** SUPPLIED DATA follows **
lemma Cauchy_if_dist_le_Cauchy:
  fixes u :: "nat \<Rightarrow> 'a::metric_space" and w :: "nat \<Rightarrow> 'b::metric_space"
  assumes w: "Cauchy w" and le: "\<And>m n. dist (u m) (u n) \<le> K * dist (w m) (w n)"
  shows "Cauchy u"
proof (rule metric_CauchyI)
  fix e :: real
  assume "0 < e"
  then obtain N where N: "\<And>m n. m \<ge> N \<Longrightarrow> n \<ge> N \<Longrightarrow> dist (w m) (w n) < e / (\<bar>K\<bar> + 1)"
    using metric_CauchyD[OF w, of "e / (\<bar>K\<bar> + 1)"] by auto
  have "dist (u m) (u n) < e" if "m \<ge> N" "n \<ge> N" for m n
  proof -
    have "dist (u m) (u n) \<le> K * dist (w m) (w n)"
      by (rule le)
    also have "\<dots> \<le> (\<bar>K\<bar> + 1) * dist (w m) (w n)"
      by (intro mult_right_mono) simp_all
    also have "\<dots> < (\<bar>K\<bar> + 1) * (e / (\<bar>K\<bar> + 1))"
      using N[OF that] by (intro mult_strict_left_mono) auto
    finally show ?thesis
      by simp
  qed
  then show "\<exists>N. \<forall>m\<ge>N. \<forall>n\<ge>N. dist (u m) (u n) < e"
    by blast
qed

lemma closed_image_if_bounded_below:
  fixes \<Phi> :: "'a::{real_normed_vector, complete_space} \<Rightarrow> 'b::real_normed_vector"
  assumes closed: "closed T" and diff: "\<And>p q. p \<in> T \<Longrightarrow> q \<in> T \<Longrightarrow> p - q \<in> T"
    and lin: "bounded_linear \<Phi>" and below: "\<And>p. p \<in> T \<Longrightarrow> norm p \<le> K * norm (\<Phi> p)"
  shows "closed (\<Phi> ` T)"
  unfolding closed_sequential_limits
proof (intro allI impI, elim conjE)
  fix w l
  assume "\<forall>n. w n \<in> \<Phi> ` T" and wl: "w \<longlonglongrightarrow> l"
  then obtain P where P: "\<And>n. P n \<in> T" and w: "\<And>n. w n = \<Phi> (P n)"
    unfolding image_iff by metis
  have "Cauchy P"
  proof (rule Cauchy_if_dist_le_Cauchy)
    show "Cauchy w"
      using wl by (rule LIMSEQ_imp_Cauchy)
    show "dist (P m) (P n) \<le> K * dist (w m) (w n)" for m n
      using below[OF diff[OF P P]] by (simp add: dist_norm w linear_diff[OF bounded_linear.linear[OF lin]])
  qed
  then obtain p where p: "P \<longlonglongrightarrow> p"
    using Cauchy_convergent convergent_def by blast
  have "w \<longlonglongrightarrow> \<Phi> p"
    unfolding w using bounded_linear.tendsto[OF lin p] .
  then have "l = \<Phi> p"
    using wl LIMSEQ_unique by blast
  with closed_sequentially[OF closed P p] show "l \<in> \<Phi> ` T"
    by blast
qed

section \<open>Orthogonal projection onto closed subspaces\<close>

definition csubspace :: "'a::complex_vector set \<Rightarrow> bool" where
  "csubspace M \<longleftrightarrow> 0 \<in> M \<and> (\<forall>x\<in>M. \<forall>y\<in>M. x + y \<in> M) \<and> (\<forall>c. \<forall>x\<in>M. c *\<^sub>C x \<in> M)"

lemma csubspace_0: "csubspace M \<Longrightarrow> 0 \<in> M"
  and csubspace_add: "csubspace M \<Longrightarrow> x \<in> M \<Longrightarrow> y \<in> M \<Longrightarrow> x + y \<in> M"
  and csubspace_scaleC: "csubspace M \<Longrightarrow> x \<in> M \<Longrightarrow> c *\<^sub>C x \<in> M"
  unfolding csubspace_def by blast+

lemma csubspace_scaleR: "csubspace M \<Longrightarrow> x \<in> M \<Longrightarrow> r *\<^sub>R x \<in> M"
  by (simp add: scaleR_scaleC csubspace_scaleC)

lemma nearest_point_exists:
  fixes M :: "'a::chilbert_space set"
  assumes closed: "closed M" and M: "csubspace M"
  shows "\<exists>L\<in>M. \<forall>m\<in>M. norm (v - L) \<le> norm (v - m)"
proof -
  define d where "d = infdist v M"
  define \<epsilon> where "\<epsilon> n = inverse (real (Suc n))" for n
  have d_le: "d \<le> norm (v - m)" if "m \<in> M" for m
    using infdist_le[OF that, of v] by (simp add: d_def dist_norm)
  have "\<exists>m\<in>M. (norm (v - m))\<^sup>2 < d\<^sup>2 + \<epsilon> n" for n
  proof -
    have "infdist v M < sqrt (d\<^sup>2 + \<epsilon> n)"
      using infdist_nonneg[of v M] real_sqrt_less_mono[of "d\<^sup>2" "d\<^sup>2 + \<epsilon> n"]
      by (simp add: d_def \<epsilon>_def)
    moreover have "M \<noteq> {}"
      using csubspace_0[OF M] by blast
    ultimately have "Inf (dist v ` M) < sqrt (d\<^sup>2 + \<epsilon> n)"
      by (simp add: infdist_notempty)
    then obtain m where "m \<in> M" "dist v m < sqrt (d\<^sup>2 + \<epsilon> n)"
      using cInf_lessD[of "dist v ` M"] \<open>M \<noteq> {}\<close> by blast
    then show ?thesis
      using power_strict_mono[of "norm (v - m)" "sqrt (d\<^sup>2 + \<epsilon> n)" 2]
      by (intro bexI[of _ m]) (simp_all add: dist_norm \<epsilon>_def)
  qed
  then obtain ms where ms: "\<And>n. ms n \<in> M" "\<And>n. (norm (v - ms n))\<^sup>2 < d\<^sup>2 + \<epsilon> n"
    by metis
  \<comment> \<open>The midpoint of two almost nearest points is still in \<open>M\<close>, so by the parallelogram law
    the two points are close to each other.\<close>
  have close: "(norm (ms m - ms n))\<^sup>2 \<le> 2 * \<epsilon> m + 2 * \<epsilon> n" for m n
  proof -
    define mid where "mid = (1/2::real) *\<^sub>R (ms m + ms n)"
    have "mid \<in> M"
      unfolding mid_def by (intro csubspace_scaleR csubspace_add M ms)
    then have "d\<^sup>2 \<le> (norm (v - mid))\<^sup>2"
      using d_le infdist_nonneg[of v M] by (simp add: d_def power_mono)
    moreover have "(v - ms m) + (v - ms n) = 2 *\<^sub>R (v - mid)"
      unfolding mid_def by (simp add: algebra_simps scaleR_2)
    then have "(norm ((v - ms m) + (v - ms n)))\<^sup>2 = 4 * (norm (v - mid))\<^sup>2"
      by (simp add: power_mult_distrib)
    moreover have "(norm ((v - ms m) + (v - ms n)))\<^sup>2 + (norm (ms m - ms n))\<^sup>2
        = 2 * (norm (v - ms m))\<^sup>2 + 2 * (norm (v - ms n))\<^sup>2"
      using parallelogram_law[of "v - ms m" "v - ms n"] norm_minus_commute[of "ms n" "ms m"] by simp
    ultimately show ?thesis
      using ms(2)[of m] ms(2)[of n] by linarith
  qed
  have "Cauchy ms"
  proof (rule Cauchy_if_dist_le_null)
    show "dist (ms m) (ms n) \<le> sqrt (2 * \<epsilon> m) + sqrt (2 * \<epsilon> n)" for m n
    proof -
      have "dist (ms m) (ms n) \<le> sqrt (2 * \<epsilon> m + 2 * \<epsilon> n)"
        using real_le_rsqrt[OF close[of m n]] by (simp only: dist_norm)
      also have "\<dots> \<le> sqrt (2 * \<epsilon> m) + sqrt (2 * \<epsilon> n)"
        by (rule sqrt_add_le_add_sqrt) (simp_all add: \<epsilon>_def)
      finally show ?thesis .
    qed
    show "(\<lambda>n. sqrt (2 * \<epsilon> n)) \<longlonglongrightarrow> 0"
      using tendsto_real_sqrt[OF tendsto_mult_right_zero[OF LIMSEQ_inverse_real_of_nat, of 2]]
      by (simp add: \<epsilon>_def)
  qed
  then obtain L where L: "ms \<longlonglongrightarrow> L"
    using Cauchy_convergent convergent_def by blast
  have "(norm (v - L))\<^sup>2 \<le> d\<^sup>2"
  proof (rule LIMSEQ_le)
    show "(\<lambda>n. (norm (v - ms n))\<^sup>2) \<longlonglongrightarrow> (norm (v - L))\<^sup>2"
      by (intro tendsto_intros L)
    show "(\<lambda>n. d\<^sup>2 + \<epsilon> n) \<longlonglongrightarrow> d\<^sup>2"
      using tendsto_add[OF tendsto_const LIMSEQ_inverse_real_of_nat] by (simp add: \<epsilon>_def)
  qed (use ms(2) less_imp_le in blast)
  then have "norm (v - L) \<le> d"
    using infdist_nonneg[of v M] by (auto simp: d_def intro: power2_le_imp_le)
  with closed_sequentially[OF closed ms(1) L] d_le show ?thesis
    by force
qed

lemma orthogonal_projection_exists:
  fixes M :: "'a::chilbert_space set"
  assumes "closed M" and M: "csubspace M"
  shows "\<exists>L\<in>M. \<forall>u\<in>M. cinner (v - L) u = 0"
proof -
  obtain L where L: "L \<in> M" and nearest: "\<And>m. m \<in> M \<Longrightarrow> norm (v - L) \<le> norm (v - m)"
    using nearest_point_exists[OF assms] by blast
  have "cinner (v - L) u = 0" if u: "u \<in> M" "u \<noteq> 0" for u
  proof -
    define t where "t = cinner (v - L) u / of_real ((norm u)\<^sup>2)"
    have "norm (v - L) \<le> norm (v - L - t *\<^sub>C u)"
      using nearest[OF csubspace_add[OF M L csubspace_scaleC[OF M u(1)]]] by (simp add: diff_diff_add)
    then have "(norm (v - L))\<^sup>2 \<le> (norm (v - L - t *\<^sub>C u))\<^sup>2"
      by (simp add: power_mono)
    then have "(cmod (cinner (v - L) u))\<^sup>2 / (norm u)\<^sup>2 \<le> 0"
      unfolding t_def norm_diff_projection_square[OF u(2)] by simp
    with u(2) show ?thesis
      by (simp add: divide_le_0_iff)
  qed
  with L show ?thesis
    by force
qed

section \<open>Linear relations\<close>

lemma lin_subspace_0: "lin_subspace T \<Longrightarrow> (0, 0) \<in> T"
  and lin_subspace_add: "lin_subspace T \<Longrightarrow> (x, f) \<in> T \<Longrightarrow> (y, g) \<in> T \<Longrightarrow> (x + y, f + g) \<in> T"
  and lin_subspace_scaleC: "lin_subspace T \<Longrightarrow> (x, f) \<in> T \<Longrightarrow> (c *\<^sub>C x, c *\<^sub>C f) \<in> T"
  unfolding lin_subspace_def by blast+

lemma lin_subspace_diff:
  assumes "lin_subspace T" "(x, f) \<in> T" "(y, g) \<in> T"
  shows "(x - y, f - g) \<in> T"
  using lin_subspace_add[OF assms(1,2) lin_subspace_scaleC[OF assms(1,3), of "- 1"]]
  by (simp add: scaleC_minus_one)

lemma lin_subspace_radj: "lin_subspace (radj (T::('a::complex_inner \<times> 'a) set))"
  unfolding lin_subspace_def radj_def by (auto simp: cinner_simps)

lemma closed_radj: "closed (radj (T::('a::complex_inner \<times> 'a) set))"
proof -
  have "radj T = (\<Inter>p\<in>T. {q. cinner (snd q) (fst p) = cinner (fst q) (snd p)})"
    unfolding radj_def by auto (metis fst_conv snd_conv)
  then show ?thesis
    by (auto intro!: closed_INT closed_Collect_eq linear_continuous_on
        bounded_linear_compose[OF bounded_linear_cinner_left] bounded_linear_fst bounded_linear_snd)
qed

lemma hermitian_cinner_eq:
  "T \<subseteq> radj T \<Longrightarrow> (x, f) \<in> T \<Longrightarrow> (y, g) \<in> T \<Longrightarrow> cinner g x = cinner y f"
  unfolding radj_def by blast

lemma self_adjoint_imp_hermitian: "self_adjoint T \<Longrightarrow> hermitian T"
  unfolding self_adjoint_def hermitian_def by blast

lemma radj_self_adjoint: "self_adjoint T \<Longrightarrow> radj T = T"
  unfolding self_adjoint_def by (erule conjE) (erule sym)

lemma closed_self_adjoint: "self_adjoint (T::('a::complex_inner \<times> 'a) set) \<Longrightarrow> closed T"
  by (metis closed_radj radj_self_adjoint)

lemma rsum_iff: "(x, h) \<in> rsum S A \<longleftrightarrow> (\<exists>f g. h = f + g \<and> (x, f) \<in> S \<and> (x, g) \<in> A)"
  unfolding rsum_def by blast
** End of SUPPLIED DATA **
WHAT THE EXERCISE ASKS | Give again, word for word, every line of the listing above from the one with "< (\<bar>K\<bar> +" to the one with "n \<in> \<Phi>", both inclusive, and nothing beyond them.

FINISHED EXERCISE |
    also have "\<dots> < (\<bar>K\<bar> + 1) * (e / (\<bar>K\<bar> + 1))"
      using N[OF that] by (intro mult_strict_left_mono) auto
    finally show ?thesis
      by simp
  qed
  then show "\<exists>N. \<forall>m\<ge>N. \<forall>n\<ge>N. dist (u m) (u n) < e"
    by blast
qed

lemma closed_image_if_bounded_below:
  fixes \<Phi> :: "'a::{real_normed_vector, complete_space} \<Rightarrow> 'b::real_normed_vector"
  assumes closed: "closed T" and diff: "\<And>p q. p \<in> T \<Longrightarrow> q \<in> T \<Longrightarrow> p - q \<in> T"
    and lin: "bounded_linear \<Phi>" and below: "\<And>p. p \<in> T \<Longrightarrow> norm p \<le> K * norm (\<Phi> p)"
  shows "closed (\<Phi> ` T)"
  unfolding closed_sequential_limits
proof (intro allI impI, elim conjE)
  fix w l
  assume "\<forall>n. w n \<in> \<Phi> ` T" and wl: "w \<longlonglongrightarrow> l"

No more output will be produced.